И. Щербакова — Ну, во-первых, в Новочеркасске был создан, естественно, когда изменилась ситуация, когда началась перестройка, то, наконец, стало можно говорить о том, о чем говорить было нельзя, но все абсолютно это помнили. В Новочеркасске это было событие абсолютно коллективной памяти для этого города, и стали об этом говорить, и стали, так сказать, настаивать на реабилитации жертв, которая произошла в начале 90-х годов, наконец, потому что приговоры были совершенно страшные, просто чудовищные.

С. Бунтман — В 92-м году было постановление...

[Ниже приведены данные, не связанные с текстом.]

(* Let $0<a\le 1$ and let $x^1,\dots,x^T\in[a,1]^N$ be price relative vectors with $\max_i x^t_i=1$ for all $t$. Let $w^1\in\Delta^N$ have all entries positive, let $0<\eta\le 1$, and define $$w^{t+1}=w^t\odot\big(\mathbb{1}-\eta\,\Pi_{w^t}\nabla f^t\big),\qquad \nabla f^t=-\frac{x^t}{w^t\cdot x^t},\qquad (\Pi_{w^t}\nabla f^t)_i=\nabla_i f^t-w^t\cdot\nabla f^t.$$ Then for every $u\in\Delta^N$, $$\sum_{t=1}^T\log(u\cdot x^t)-\sum_{t=1}^T\log(w^t\cdot x^t)\le\frac{D(u\,|\,w^1)}{\eta}+\frac{T\eta}{2a^2(1-\eta)}.$$ In particular, taking $w^1=(1/N,\ldots,1/N)$ and $\eta=\frac{a\sqrt{2\log N}}{a\sqrt{2\log N}+\sqrt{T}}$ gives, for every $u\in\Delta^N$, $$\sum_{t=1}^T\log(u\cdot x^t)-\sum_{t=1}^T\log(w^t\cdot x^t)\le\frac{\sqrt{2T\log N}}{a}+\log N.$$
   Context: $\Delta^N=\{w\in\mathbb{R}^N : \sum_i w_i=1,\ w_i\ge 0\}$; $\odot$ is componentwise multiplication and $\mathbb{1}$ the all-ones vector. The relative entropy is $D(u\,|\,w)=\sum_{i:\,u_i\ne0}u_i\log(u_i/w_i)$. *)

theory Defs
  imports "HOL-Analysis.Analysis"
begin

text \<open>Vectors in R^N are represented as functions nat => real, only the
  coordinates i < N being relevant.\<close>

definition prob_simplex :: "nat \<Rightarrow> (nat \<Rightarrow> real) set" where
  "prob_simplex N = {w. (\<forall>i<N. 0 \<le> w i) \<and> (\<Sum>i<N. w i) = 1}"

definition dotp :: "nat \<Rightarrow> (nat \<Rightarrow> real) \<Rightarrow> (nat \<Rightarrow> real) \<Rightarrow> real" where
  "dotp N u v = (\<Sum>i<N. u i * v i)"

definition relent :: "nat \<Rightarrow> (nat \<Rightarrow> real) \<Rightarrow> (nat \<Rightarrow> real) \<Rightarrow> real" where
  "relent N u w = (\<Sum>i\<in>{i. i < N \<and> u i \<noteq> 0}. u i * ln (u i / w i))"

И. Щербакова — 7 человек были приговорены к смертной казни и казнены за абсолютно, совершенно... процесс шел, который состоялся сразу же в августе 62-го года, совершенно он был... абсолютно сконструированный, и совершенно недоказанные обвинения. На самом деле, там, конечно, к этой самой толпе рабочих, конечно, примешались самые разные люди, конечно, там был некоторый погром отделений милиции, и там громили горком партии и так далее, во всяком случае, пытались его громить.

С. Бунтман — Почему? Пытались освободить ...

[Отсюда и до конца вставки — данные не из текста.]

lemma mat_delete_mat:
  "mat_delete (mat n n f) i j =
   mat (n - 1) (n - 1) (\<lambda>(i', j'). f (if i' < i then i' else Suc i', if j' < j then j' else Suc j'))"
  unfolding mat_delete_def by (rule eq_matI) auto

lemma det_mat_3:
  "det (mat 3 3 f :: 'a::comm_ring_1 mat) =
     f (0, 0) * (f (1, 1) * f (2, 2) - f (1, 2) * f (2, 1))
   - f (1, 0) * (f (0, 1) * f (2, 2) - f (0, 2) * f (2, 1))
   + f (2, 0) * (f (0, 1) * f (1, 2) - f (0, 2) * f (1, 1))"
proof -
  have expand: "det (mat (Suc n) (Suc n) g :: 'a mat) = (\<Sum>i<Suc n. g (i, 0) * ((-1) ^ i *
      det (mat n n (\<lambda>(i', j'). g (if i' < i then i' else Suc i', Suc j')))))" for n g
    by (subst laplace_expansion_column[of _ "Suc n" 0])
      (auto simp: cofactor_def mat_delete_mat intro!: sum.cong)
  show ?thesis
    unfolding numeral_3_eq_3 expand by (simp add: algebra_simps numeral_2_eq_2)
qed

context derivation
begin

lemma funpow_d_mult_x:
  assumes "d x = 1"
  shows "(d ^^ Suc i) (x * y) = x * (d ^^ Suc i) y + of_nat (Suc i) * (d ^^ i) y"
  by (induction i) (simp_all add: assms d_add d_mult algebra_simps)

text \<open>Expanding along the columns of \<open>1\<close>, \<open>x\<close> and \<open>x\<^sup>2\<close> leaves the \<open>3 \<times> 3\<close> Wronskian of
  \<open>y, y\<^sup>2, x y\<close> from the second derivative on.\<close>
lemma det_wronskian_conics:
  assumes dx: "d x = 1"
  shows "det (wronskian_mat d [1, y, y^2, x, x*y, x^2]) =
    4 * (d ^^ 2) y * (9 * ((d ^^ 2) y)^2 * (d ^^ 5) y
      - 45 * (d ^^ 2) y * (d ^^ 3) y * (d ^^ 4) y + 40 * ((d ^^ 3) y)^3)"
proof -
  define Y where "Y i = (d ^^ i) y" for i
  have const: "(d ^^ Suc i) c = 0" if "c \<in> k" for i c
    using that by (induction i) (simp_all add: d_const)
  have one: "0 < i \<Longrightarrow> (d ^^ i) 1 = 0" for i
    using const[OF subfield_1[OF subfield]] by (cases i) auto
  have x: "0 < i \<Longrightarrow> d ((d ^^ i) x) = 0" for i
    by (simp add: funpow_swap1 dx one)
  have xx: "d (d (x^2)) = 2"
    using dx by (simp add: d_power d_mult)
  have xx': "0 < i \<Longrightarrow> d (d ((d ^^ i) (x^2))) = 0" for i
    using const[where c = 2] subfield_numeral[OF subfield] by (cases i) (simp_all add: funpow_swap1 xx)
  have xy: "(d ^^ Suc i) (x * y) = x * Y (Suc i) + of_nat (Suc i) * Y i" for i
    using funpow_d_mult_x[OF dx] unfolding Y_def by blast
  have yy: "(d ^^ 3) (y^2) = 6 * Y 1 * Y 2 + 2 * y * Y 3"
    "(d ^^ 4) (y^2) = 6 * (Y 2)^2 + 8 * Y 1 * Y 3 + 2 * y * Y 4"
    "(d ^^ 5) (y^2) = 20 * Y 2 * Y 3 + 10 * Y 1 * Y 4 + 2 * y * Y 5"
    by (simp_all add: eval_nat_numeral d_add d_mult d_power Y_def algebra_simps)
  let ?W = "mat 6 6 (\<lambda>(i, j). (d ^^ i) ([1, y, y^2, x, x*y, x^2] ! j))"
  define W1 where "W1 = mat_delete ?W 0 0"
  define W2 where "W2 = mat_delete W1 0 2"
  define W3 where "W3 = mat_delete W2 0 3"
  have W1: "W1 = mat 5 5 (\<lambda>(i, j). (d ^^ Suc i) ([y, y^2, x, x*y, x^2] ! j))"
    unfolding W1_def mat_delete_mat by (rule eq_matI) auto
  have W2: "W2 = mat 4 4 (\<lambda>(i, j). (d ^^ Suc (Suc i)) ([y, y^2, x*y, x^2] ! j))"
    unfolding W2_def W1 mat_delete_mat by (rule eq_matI) (auto simp: nth_Cons')
  have W3: "W3 = mat 3 3 (\<lambda>(i, j). (d ^^ Suc (Suc (Suc i))) ([y, y^2, x*y] ! j))"
    unfolding W3_def W2 mat_delete_mat by (rule eq_matI) (auto simp: nth_Cons')
  have "det (wronskian_mat d [1, y, y^2, x, x*y, x^2]) = det ?W"
    by (simp add: wronskian_mat_def numeral_eq_Suc)
  also have "\<dots> = ?W $$ (0, 0) * cofactor ?W 0 0"
    by (rule det_single_nonzero_in_col) (auto simp: one)
  also have "\<dots> = det W1"
    by (simp add: cofactor_def W1_def)
  also have "det W1 = W1 $$ (0, 2) * cofactor W1 0 2"
    unfolding W1 by (rule det_single_nonzero_in_col) (auto simp: x nth_Cons')
  also have "\<dots> = det W2"
    by (simp add: cofactor_def W2_def W1 dx)
  also have "det W2 = W2 $$ (0, 3) * cofactor W2 0 3"
    unfolding W2 by (rule det_single_nonzero_in_col) (auto simp: xx' nth_Cons')
  also have "\<dots> = - 2 * det W3"
    by (simp add: cofactor_def W3_def W2 xx)
  also have "det W3 = - 2 * Y 2 * (9 * (Y 2)^2 * Y 5 - 45 * Y 2 * Y 3 * Y 4 + 40 * (Y 3)^3)"
    unfolding W3 det_mat_3 using xy[of 2] xy[of 3] xy[of 4] yy
    by (simp add: Y_def eval_nat_numeral algebra_simps)
  finally show ?thesis
    by (simp add: Y_def mult.assoc)
qed

end

subsection \<open>Derivatives on the curve \<open>a x\<^sup>n + b y\<^sup>m = 1\<close>\<close>

primrec fermat_deriv_poly :: "'K::field \<Rightarrow> 'K \<Rightarrow> nat \<Rightarrow> 'K poly" where
  "fermat_deriv_poly N M 0 = 1"
| "fermat_deriv_poly N M (Suc i) =
     smult (of_nat i * M) ([:-1, N + 1:] * fermat_deriv_poly N M i)
     - [:0, N:] * fermat_deriv_poly N M i
     + smult (M * N) ([:0, 1, -1:] * pderiv (fermat_deriv_poly N M i))"

definition fermat_wronskian_poly :: "'K::field \<Rightarrow> 'K \<Rightarrow> 'K poly" where
  "fermat_wronskian_poly N M = (let P = fermat_deriv_poly N M in
     P 2 * (smult 9 (P 2 ^ 2 * P 5) - smult 45 (P 2 * P 3 * P 4) + smult 40 (P 3 ^ 3)))"

lemma poly_over_fermat_deriv_poly:
  assumes F: "subfield F" and NM: "N \<in> F" "M \<in> F"
  shows "poly_over F (fermat_deriv_poly N M i)"
proof (induction i)
  case (Suc i)
  show ?case
    unfolding fermat_deriv_poly.simps
    by (intro poly_over_add[OF F] poly_over_diff[OF F] poly_over_smult[OF F] poly_over_mult[OF F]
        poly_over_pderiv[OF F] subfield_mult[OF F] subfield_of_nat[OF F] Suc.IH)
      (simp_all add: F NM subfield_0[OF F] subfield_1[OF F] subfield_add[OF F] subfield_uminus[OF F])
qed (simp add: F)

lemma poly_over_fermat_wronskian_poly:
  assumes F: "subfield F" and NM: "N \<in> F" "M \<in> F"
  shows "poly_over F (fermat_wronskian_poly N M)"
  unfolding fermat_wronskian_poly_def Let_def
  by (intro poly_over_add[OF F] poly_over_diff[OF F] poly_over_mult[OF F] poly_over_smult[OF F]
      poly_over_power[OF F] poly_over_fermat_deriv_poly[OF F NM] subfield_numeral[OF F])

lemma fermat_deriv_poly_2: "fermat_deriv_poly N M 2 = [:0, N * M - N^2 * M, - N * M + N^2:]"
  by (simp add: numeral_2_eq_2 pderiv_pCons algebra_simps power2_eq_square)

lemma fermat_deriv_poly_3: "fermat_deriv_poly N M 3 =
  [:0,
    - 2 * N * M^2 + 3 * N^2 * M^2 - N^3 * M^2,
    4 * N * M^2 - 3 * N^2 * M - 3 * N^2 * M^2 + 3 * N^3 * M - N^3 * M^2,
    - 2 * N * M^2 + 3 * N^2 * M - N^3:]"
  by (simp add: eval_nat_numeral fermat_deriv_poly_2 pderiv_pCons algebra_simps power2_eq_square)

И. Щербакова — Пытались освободить, но ведь толпа очень часто ведет себя довольно стихийно. Тут есть ведь некоторые уроки, и есть этого новочеркасского, этих событий новочеркасских, есть очень большой повод для размышления, потому что если мы увидим в Польше вот об этом ... много люди думали впоследствии, которые вообще, так сказать, думали о том, что происходит со страной, потому что ведь в Польше после событий в Познани 56-го года, которые были очень похожи на события в Новочеркасске ...

С. Бунтман — Они были гораздо более похожи на Новочеркасск чем, например, Будапешт.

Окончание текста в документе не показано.